Cardboard Playspaces: Cardboard revolutionized the packaging industry. This new material allowed for the construction and distribution of cheap, light, flat-pack boxes that could be assembled and shipped on demand, enabling companies to bring distribution in-house. In parallel, though, cardboard had a less obvious but powerful and lasting impact on the realm of creative childhood construction. One pair of famous mid-century designers in particular recognized the play value of cardboard boxes and sought to capitalize on it.
Card Games: From Dungeons & Dragons to World of Warcraft, the incorporation of elaborate stories has become a key element of many modern games. Magic: The Gathering, for instance, has a deep mythology about an infinite number of parallel worlds. Eric Molinsky of Imaginary Worlds examines how this particular handheld card game has survived the onslaught of competition from digital games and how its designers continue to create a sense of story and engage in world-building within a non-sequential card game.
Online Games: A few months before the end of a world, players began saying their goodbyes. The massive multiplayer Sims Online, one of the most popular computer games ever made, was going to go dark. When EA Games pulled the plug on its servers, bits and pieces of the world started disappearing. The environment began to disintegrate. The texture on the trees flickered. All the people froze and blinked out of existence. The last thing they saw was a blue pop up window: “Network Error — Lost server connection.”

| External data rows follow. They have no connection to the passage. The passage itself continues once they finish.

(* Let $\varepsilon>0$ and $q\in(0,1)$, and fix real numbers $\sigma$ and $\tau$. Then there exist constants $C>0$ and $V_0>0$, depending only on $\varepsilon$, $q$, $\sigma$ and $\tau$, such that for every real $v$ with $|v|\ge V_0$ and every complex $t$ with $\Re(t)=\tau$ satisfying $\inf_{r\in\mathbb{Z}_{\ge 0}}|1-q^{t+r}|>\varepsilon$, writing $s=\sigma+iv$, we have $$|\zeta_q(s,t)|\le \begin{cases} C & (\tau>0),\\ C\,|v| & (\tau=0),\\ C\exp\left(-\tau(1+\pi/2)\,|v|\right) & (\tau<0).\end{cases}$$
   Context: For $q\in(0,1)$ and a positive integer $m$, the $q$-integer is $[m]_q=\frac{1-q^m}{1-q}$, and $q^{w}=e^{w\log q}$ for complex $w$. The $q$-analogue of the Riemann zeta function (Kaneko–Kurokawa–Wakayama) is $\zeta_q(s,t)=\sum_{m=1}^\infty \frac{q^{mt}}{[m]_q^s}$, which converges absolutely for $s\in\mathbb{C}$, $\Re(t)>0$, and extends meromorphically to $\mathbb{C}^2$; its poles are simple and lie at $t\in\{a+2\pi i b/\log q : a,b\in\mathbb{Z},\ a\le 0\}$. For $\Re(t)\le 0$, $\zeta_q(s,t)$ denotes this meromorphic continuation (the hypothesis $\inf_{r\ge0}|1-q^{t+r}|>\varepsilon$ excludes the poles). *)

theory Defs
  imports "HOL-Complex_Analysis.Complex_Analysis"
begin

definition qint :: "real \<Rightarrow> nat \<Rightarrow> real" where
  "qint q m = (1 - q ^ m) / (1 - q)"

definition qpow :: "real \<Rightarrow> complex \<Rightarrow> complex" where
  "qpow q w = exp (w * of_real (ln q))"

text \<open>The defining series sum over m >= 1 of q^(m t) / [m]_q^s,
  with [m]_q^s = exp (s log [m]_q) ([m]_q is a positive real).\<close>
definition zeta_q_series :: "real \<Rightarrow> complex \<Rightarrow> complex \<Rightarrow> complex" where
  "zeta_q_series q s t =
     (\<Sum>n. qpow q (of_nat (Suc n) * t) / exp (s * of_real (ln (qint q (Suc n)))))"

definition qpoles :: "real \<Rightarrow> complex set" where
  "qpoles q = {of_int a + 2 * of_real pi * \<i> * of_int b / of_real (ln q) | a b. a \<le> 0}"

text \<open>Meromorphic continuation in t (for fixed s): the (unique, by the identity
  theorem) function holomorphic off the pole set that agrees with the series on Re t > 0.\<close>
definition zeta_q :: "real \<Rightarrow> complex \<Rightarrow> complex \<Rightarrow> complex" where
  "zeta_q q s t =
     (SOME f. f holomorphic_on (- qpoles q) \<and>
              (\<forall>u. 0 < Re u \<longrightarrow> f u = zeta_q_series q s u)) t"

end

theory Submission
  imports Defs
begin

(* For 0 <= x <= q < 1, Taylor's theorem on [0, q] gives
     (1 - x)^(-s) = sum_{k<K} (s)_k / k! x^k + R_K(x),   |R_K(x)| <= M_K(s) x^K,
   with M_K(s) of size |(s)_K|.  Since [m]_q^(-s) = (1 - q)^s (1 - q^m)^(-s), inserting x = q^m
   into the defining series and summing the geometric series of the polynomial part gives
     zeta_q(s, t) = (1 - q)^s (sum_{k<K} (s)_k / k! q^(t+k) / (1 - q^(t+k)) + sum_m q^(mt) R_K(q^m)),
   where the last series converges for Re t > -K.  Gluing these expressions over K gives a
   holomorphic function off the poles, which is zeta_q by uniqueness of analytic continuation.
   On the line Re t = tau with K > -tau, the separation |1 - q^(t+k)| > eps bounds the finite sum,
   so |zeta_q(s, t)| = O(|s|^K).  Taking K = 0 for tau > 0 and K = 1 for tau = 0 gives the first
   two bounds; for tau < 0 a polynomial is dominated by the stated exponential. *)

definition binomial_remainder :: "complex \<Rightarrow> nat \<Rightarrow> real \<Rightarrow> complex" where
  "binomial_remainder s K x =
     exp (- s * of_real (ln (1 - x))) - (\<Sum>k<K. pochhammer s k / fact k * of_real x ^ k)"

definition binomial_remainder_bound :: "real \<Rightarrow> complex \<Rightarrow> nat \<Rightarrow> real" where
  "binomial_remainder_bound q s K = cmod (pochhammer s K) * max 1 ((1 - q) powr - (Re s + real K))"

lemma powr_le_max_one_powr:
  fixes a y e :: real
  assumes "0 < a" "a \<le> y" "y \<le> 1"
  shows "y powr e \<le> max 1 (a powr e)"
proof (cases "e \<ge> 0")
  case True
  then have "y powr e \<le> 1 powr e"
    using assms by (intro powr_mono2) auto
  then show ?thesis by simp
next
  case False
  then have "y powr e \<le> a powr e"
    using assms by (intro powr_mono2') auto
  then show ?thesis by simp
qed

lemma norm_pochhammer_le:
  fixes s :: "'a::real_normed_field"
  shows "norm (pochhammer s k) \<le> (norm s + real k) ^ k"
proof (induction k)
  case (Suc k)
  have "norm (pochhammer s (Suc k)) = norm (pochhammer s k) * norm (s + of_nat k)"
    by (simp add: pochhammer_rec' norm_mult)
  also have "\<dots> \<le> (norm s + real k) ^ k * (norm s + real k)"
    using Suc.IH norm_triangle_ineq[of s "of_nat k"] by (intro mult_mono) auto
  also have "\<dots> \<le> (norm s + real (Suc k)) ^ Suc k"
    by (simp only: power_Suc2) (intro mult_mono power_mono; simp)
  finally show ?case .
qed simp

lemma has_field_derivative_pochhammer_exp_Ln:
  assumes "1 - z \<notin> \<real>\<^sub>\<le>\<^sub>0"
  shows "((\<lambda>z. pochhammer s i * exp (- (s + of_nat i) * Ln (1 - z))) has_field_derivative
           pochhammer s (Suc i) * exp (- (s + of_nat (Suc i)) * Ln (1 - z))) (at z)"
proof -
  have "exp (- (s + of_nat (Suc i)) * Ln (1 - z)) =
      exp (- (s + of_nat i) * Ln (1 - z)) * exp (- Ln (1 - z))"
    by (simp add: algebra_simps flip: exp_add)
  also have "exp (- Ln (1 - z)) = inverse (1 - z)"
  proof -
    have "1 - z \<noteq> 0" using assms by auto
    then show ?thesis by (simp add: exp_minus)
  qed
  finally have "pochhammer s (Suc i) * exp (- (s + of_nat (Suc i)) * Ln (1 - z)) =
      pochhammer s i *
        (exp (- (s + of_nat i) * Ln (1 - z)) * (- (s + of_nat i) * (inverse (1 - z) * -1)))"
    by (simp add: pochhammer_rec' algebra_simps)
  then show ?thesis
    by (auto intro!: derivative_eq_intros assms)
qed

lemma norm_pochhammer_exp_Ln_le:
  assumes "0 \<le> y" "y \<le> q" "q < 1"
  shows "cmod (pochhammer s K * exp (- (s + of_nat K) * Ln (1 - of_real y)))
           \<le> binomial_remainder_bound q s K"
proof -
  have "Ln (1 - of_real y) = of_real (ln (1 - y))"
    using assms Ln_of_real[of "1 - y"] by simp
  then have "cmod (pochhammer s K * exp (- (s + of_nat K) * Ln (1 - of_real y))) =
      cmod (pochhammer s K) * (1 - y) powr - (Re s + real K)"
    using assms by (simp add: norm_mult powr_def)
  also have "\<dots> \<le> binomial_remainder_bound q s K"
    unfolding binomial_remainder_bound_def
    by (intro mult_left_mono powr_le_max_one_powr) (use assms in auto)
  finally show ?thesis .
qed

Universal Gaming: Even in an era of online, augmented and virtual reality gaming, escape rooms are on the rise and physical toys persist. Over time, early wood building blocks gave way to modular Lincoln Logs, interconnected Tinker Toys and plastic LEGO bricks that snap together, each representing a flexible world of creative potential. Each of these, though, was also largely independent of the others, at least until the advent of the Free Universal Construction Kit, a nifty system which quite literally ties them all together. For fans of toys or toy history, this system offers a chance not just to tie different toys together but also to educate kids about more intangible connections between past and present modes of play, linking old and new.